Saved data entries
= = = =
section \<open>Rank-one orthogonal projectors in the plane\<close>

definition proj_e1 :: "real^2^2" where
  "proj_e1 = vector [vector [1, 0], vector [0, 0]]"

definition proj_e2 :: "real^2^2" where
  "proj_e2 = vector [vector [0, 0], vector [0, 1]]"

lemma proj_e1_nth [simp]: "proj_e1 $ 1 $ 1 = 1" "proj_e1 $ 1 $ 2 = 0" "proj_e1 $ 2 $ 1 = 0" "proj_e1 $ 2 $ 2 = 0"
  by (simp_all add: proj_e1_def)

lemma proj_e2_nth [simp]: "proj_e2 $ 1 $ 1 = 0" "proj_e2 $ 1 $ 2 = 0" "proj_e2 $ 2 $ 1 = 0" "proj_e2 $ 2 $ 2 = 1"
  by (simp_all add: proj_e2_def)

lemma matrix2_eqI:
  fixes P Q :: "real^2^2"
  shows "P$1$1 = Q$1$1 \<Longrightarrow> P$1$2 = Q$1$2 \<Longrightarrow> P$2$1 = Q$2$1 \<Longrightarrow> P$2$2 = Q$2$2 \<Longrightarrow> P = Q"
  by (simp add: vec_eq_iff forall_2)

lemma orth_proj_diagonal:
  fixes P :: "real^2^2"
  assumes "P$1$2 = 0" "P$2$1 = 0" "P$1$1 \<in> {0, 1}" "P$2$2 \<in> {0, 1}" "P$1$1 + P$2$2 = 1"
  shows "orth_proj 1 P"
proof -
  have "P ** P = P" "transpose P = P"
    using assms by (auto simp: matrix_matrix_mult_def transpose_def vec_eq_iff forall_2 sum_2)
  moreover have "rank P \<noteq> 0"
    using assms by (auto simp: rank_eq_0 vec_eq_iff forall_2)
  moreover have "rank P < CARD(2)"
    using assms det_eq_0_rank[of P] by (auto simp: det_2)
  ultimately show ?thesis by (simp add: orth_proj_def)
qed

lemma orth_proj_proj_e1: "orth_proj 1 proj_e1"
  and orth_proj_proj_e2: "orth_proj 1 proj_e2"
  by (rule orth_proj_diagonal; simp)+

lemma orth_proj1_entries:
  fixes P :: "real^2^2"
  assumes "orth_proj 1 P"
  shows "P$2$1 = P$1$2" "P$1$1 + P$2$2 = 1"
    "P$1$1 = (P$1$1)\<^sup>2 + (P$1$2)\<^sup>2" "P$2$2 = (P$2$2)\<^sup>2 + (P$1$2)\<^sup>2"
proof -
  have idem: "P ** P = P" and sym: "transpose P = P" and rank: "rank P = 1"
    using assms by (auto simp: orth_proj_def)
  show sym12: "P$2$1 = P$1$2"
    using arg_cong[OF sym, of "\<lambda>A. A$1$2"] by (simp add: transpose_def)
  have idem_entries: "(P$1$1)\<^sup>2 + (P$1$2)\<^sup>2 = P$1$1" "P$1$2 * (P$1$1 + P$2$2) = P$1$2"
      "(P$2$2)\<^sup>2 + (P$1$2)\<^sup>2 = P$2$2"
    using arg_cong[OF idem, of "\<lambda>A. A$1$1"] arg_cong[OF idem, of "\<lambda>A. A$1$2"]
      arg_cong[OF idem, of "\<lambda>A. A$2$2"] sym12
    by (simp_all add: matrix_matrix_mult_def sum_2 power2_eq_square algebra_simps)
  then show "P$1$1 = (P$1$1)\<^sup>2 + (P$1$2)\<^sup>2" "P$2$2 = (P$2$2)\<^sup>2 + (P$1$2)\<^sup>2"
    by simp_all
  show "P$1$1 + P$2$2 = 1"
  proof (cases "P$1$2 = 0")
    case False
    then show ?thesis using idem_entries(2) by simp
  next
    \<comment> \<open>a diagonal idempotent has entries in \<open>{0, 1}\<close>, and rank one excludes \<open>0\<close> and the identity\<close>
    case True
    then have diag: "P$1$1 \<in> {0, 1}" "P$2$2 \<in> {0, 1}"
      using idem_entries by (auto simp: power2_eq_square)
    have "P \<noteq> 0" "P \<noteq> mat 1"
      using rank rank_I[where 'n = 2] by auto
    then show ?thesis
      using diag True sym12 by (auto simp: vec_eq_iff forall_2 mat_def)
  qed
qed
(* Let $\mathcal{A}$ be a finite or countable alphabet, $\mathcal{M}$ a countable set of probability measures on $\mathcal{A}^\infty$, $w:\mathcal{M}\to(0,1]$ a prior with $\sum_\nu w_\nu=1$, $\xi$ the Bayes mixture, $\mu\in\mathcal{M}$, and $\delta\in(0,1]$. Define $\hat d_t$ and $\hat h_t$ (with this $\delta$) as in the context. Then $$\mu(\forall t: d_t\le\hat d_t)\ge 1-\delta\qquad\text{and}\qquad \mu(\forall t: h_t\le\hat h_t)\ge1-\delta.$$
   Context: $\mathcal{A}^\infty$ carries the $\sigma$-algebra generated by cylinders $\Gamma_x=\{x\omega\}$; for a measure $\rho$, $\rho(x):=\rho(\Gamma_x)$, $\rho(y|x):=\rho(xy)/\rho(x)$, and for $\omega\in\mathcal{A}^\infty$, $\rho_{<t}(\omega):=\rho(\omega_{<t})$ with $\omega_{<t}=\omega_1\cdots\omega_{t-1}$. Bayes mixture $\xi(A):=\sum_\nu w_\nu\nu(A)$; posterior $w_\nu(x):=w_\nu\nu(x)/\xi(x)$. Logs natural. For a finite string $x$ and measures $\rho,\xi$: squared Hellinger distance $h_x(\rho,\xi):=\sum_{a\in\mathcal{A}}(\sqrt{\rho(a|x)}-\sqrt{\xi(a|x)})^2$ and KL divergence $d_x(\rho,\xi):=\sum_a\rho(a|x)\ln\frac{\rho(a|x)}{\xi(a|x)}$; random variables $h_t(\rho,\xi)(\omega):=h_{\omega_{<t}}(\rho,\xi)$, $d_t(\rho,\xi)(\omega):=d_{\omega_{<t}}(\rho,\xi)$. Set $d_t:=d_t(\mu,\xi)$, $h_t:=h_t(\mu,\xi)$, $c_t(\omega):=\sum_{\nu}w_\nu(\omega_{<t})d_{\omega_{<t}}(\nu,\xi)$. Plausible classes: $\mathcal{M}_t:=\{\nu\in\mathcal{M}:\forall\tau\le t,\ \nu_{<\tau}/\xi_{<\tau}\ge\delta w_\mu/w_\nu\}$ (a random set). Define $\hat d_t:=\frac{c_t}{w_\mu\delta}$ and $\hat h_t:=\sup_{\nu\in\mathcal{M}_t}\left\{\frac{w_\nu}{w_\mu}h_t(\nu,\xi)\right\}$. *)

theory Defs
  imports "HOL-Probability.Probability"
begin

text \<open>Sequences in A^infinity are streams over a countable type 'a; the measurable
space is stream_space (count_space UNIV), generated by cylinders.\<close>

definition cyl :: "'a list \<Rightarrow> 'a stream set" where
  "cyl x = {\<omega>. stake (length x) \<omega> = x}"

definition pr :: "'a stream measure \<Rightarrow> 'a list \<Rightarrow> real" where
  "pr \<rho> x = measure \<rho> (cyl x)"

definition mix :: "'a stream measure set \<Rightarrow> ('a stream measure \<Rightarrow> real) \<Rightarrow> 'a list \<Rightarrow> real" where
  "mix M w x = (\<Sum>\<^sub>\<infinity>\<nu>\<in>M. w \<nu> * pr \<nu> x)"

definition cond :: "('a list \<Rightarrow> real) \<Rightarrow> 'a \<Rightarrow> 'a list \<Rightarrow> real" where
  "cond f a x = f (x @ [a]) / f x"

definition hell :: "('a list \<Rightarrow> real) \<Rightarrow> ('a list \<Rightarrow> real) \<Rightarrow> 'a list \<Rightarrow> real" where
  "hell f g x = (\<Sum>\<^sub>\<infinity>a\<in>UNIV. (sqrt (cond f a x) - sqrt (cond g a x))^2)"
= = = =
WORK TASK
What is needed here is an exact transcription of the records above.

RESPONSE TO THIS EXERCISE
section \<open>Rank-one orthogonal projectors in the plane\<close>

definition proj_e1 :: "real^2^2" where
  "proj_e1 = vector [vector [1, 0], vector [0, 0]]"

definition proj_e2 :: "real^2^2" where
  "proj_e2 = vector [vector [0, 0], vector [0, 1]]"

lemma proj_e1_nth [simp]: "proj_e1 $ 1 $ 1 = 1" "proj_e1 $ 1 $ 2 = 0" "proj_e1 $ 2 $ 1 = 0" "proj_e1 $ 2 $ 2 = 0"
  by (simp_all add: proj_e1_def)

lemma proj_e2_nth [simp]: "proj_e2 $ 1 $ 1 = 0" "proj_e2 $ 1 $ 2 = 0" "proj_e2 $ 2 $ 1 = 0" "proj_e2 $ 2 $ 2 = 1"
  by (simp_all add: proj_e2_def)

lemma matrix2_eqI:
  fixes P Q :: "real^2^2"
  shows "P$1$1 = Q$1$1 \<Longrightarrow> P$1$2 = Q$1$2 \<Longrightarrow> P$2$1 = Q$2$1 \<Longrightarrow> P$2$2 = Q$2$2 \<Longrightarrow> P = Q"
  by (simp add: vec_eq_iff forall_2)

lemma orth_proj_diagonal:
  fixes P :: "real^2^2"
  assumes "P$1$2 = 0" "P$2$1 = 0" "P$1$1 \<in> {0, 1}" "P$2$2 \<in> {0, 1}" "P$1$1 + P$2$2 = 1"
  shows "orth_proj 1 P"
proof -
  have "P ** P = P" "transpose P = P"
    using assms by (auto simp: matrix_matrix_mult_def transpose_def vec_eq_iff forall_2 sum_2)
  moreover have "rank P \<noteq> 0"
    using assms by (auto simp: rank_eq_0 vec_eq_iff forall_2)
  moreover have "rank P < CARD(2)"
    using assms det_eq_0_rank[of P] by (auto simp: det_2)
  ultimately show ?thesis by (simp add: orth_proj_def)
qed

lemma orth_proj_proj_e1: "orth_proj 1 proj_e1"
  and orth_proj_proj_e2: "orth_proj 1 proj_e2"
  by (rule orth_proj_diagonal; simp)+

lemma orth_proj1_entries:
  fixes P :: "real^2^2"
  assumes "orth_proj 1 P"
  shows "P$2$1 = P$1$2" "P$1$1 + P$2$2 = 1"
    "P$1$1 = (P$1$1)\<^sup>2 + (P$1$2)\<^sup>2" "P$2$2 = (P$2$2)\<^sup>2 + (P$1$2)\<^sup>2"
proof -
  have idem: "P ** P = P" and sym: "transpose P = P" and rank: "rank P = 1"
    using assms by (auto simp: orth_proj_def)
  show sym12: "P$2$1 = P$1$2"
    using arg_cong[OF sym, of "\<lambda>A. A$1$2"] by (simp add: transpose_def)
  have idem_entries: "(P$1$1)\<^sup>2 + (P$1$2)\<^sup>2 = P$1$1" "P$1$2 * (P$1$1 + P$2$2) = P$1$2"
      "(P$2$2)\<^sup>2 + (P$1$2)\<^sup>2 = P$2$2"
    using arg_cong[OF idem, of "\<lambda>A. A$1$1"] arg_cong[OF idem, of "\<lambda>A. A$1$2"]
      arg_cong[OF idem, of "\<lambda>A. A$2$2"] sym12
    by (simp_all add: matrix_matrix_mult_def sum_2 power2_eq_square algebra_simps)
  then show "P$1$1 = (P$1$1)\<^sup>2 + (P$1$2)\<^sup>2" "P$2$2 = (P$2$2)\<^sup>2 + (P$1$2)\<^sup>2"
    by simp_all
  show "P$1$1 + P$2$2 = 1"
  proof (cases "P$1$2 = 0")
    case False
    then show ?thesis using idem_entries(2) by simp
  next
    \<comment> \<open>a diagonal idempotent has entries in \<open>{0, 1}\<close>, and rank one excludes \<open>0\<close> and the identity\<close>
    case True
    then have diag: "P$1$1 \<in> {0, 1}" "P$2$2 \<in> {0, 1}"
      using idem_entries by (auto simp: power2_eq_square)
    have "P \<noteq> 0" "P \<noteq> mat 1"
      using rank rank_I[where 'n = 2] by auto
    then show ?thesis
      using diag True sym12 by (auto simp: vec_eq_iff forall_2 mat_def)
  qed
qed
(* Let $\mathcal{A}$ be a finite or countable alphabet, $\mathcal{M}$ a countable set of probability measures on $\mathcal{A}^\infty$, $w:\mathcal{M}\to(0,1]$ a prior with $\sum_\nu w_\nu=1$, $\xi$ the Bayes mixture, $\mu\in\mathcal{M}$, and $\delta\in(0,1]$. Define $\hat d_t$ and $\hat h_t$ (with this $\delta$) as in the context. Then $$\mu(\forall t: d_t\le\hat d_t)\ge 1-\delta\qquad\text{and}\qquad \mu(\forall t: h_t\le\hat h_t)\ge1-\delta.$$
   Context: $\mathcal{A}^\infty$ carries the $\sigma$-algebra generated by cylinders $\Gamma_x=\{x\omega\}$; for a measure $\rho$, $\rho(x):=\rho(\Gamma_x)$, $\rho(y|x):=\rho(xy)/\rho(x)$, and for $\omega\in\mathcal{A}^\infty$, $\rho_{<t}(\omega):=\rho(\omega_{<t})$ with $\omega_{<t}=\omega_1\cdots\omega_{t-1}$. Bayes mixture $\xi(A):=\sum_\nu w_\nu\nu(A)$; posterior $w_\nu(x):=w_\nu\nu(x)/\xi(x)$. Logs natural. For a finite string $x$ and measures $\rho,\xi$: squared Hellinger distance $h_x(\rho,\xi):=\sum_{a\in\mathcal{A}}(\sqrt{\rho(a|x)}-\sqrt{\xi(a|x)})^2$ and KL divergence $d_x(\rho,\xi):=\sum_a\rho(a|x)\ln\frac{\rho(a|x)}{\xi(a|x)}$; random variables $h_t(\rho,\xi)(\omega):=h_{\omega_{<t}}(\rho,\xi)$, $d_t(\rho,\xi)(\omega):=d_{\omega_{<t}}(\rho,\xi)$. Set $d_t:=d_t(\mu,\xi)$, $h_t:=h_t(\mu,\xi)$, $c_t(\omega):=\sum_{\nu}w_\nu(\omega_{<t})d_{\omega_{<t}}(\nu,\xi)$. Plausible classes: $\mathcal{M}_t:=\{\nu\in\mathcal{M}:\forall\tau\le t,\ \nu_{<\tau}/\xi_{<\tau}\ge\delta w_\mu/w_\nu\}$ (a random set). Define $\hat d_t:=\frac{c_t}{w_\mu\delta}$ and $\hat h_t:=\sup_{\nu\in\mathcal{M}_t}\left\{\frac{w_\nu}{w_\mu}h_t(\nu,\xi)\right\}$. *)

theory Defs
  imports "HOL-Probability.Probability"
begin

text \<open>Sequences in A^infinity are streams over a countable type 'a; the measurable
space is stream_space (count_space UNIV), generated by cylinders.\<close>

definition cyl :: "'a list \<Rightarrow> 'a stream set" where
  "cyl x = {\<omega>. stake (length x) \<omega> = x}"

definition pr :: "'a stream measure \<Rightarrow> 'a list \<Rightarrow> real" where
  "pr \<rho> x = measure \<rho> (cyl x)"

definition mix :: "'a stream measure set \<Rightarrow> ('a stream measure \<Rightarrow> real) \<Rightarrow> 'a list \<Rightarrow> real" where
  "mix M w x = (\<Sum>\<^sub>\<infinity>\<nu>\<in>M. w \<nu> * pr \<nu> x)"

definition cond :: "('a list \<Rightarrow> real) \<Rightarrow> 'a \<Rightarrow> 'a list \<Rightarrow> real" where
  "cond f a x = f (x @ [a]) / f x"

definition hell :: "('a list \<Rightarrow> real) \<Rightarrow> ('a list \<Rightarrow> real) \<Rightarrow> 'a list \<Rightarrow> real" where
  "hell f g x = (\<Sum>\<^sub>\<infinity>a\<in>UNIV. (sqrt (cond f a x) - sqrt (cond g a x))^2)"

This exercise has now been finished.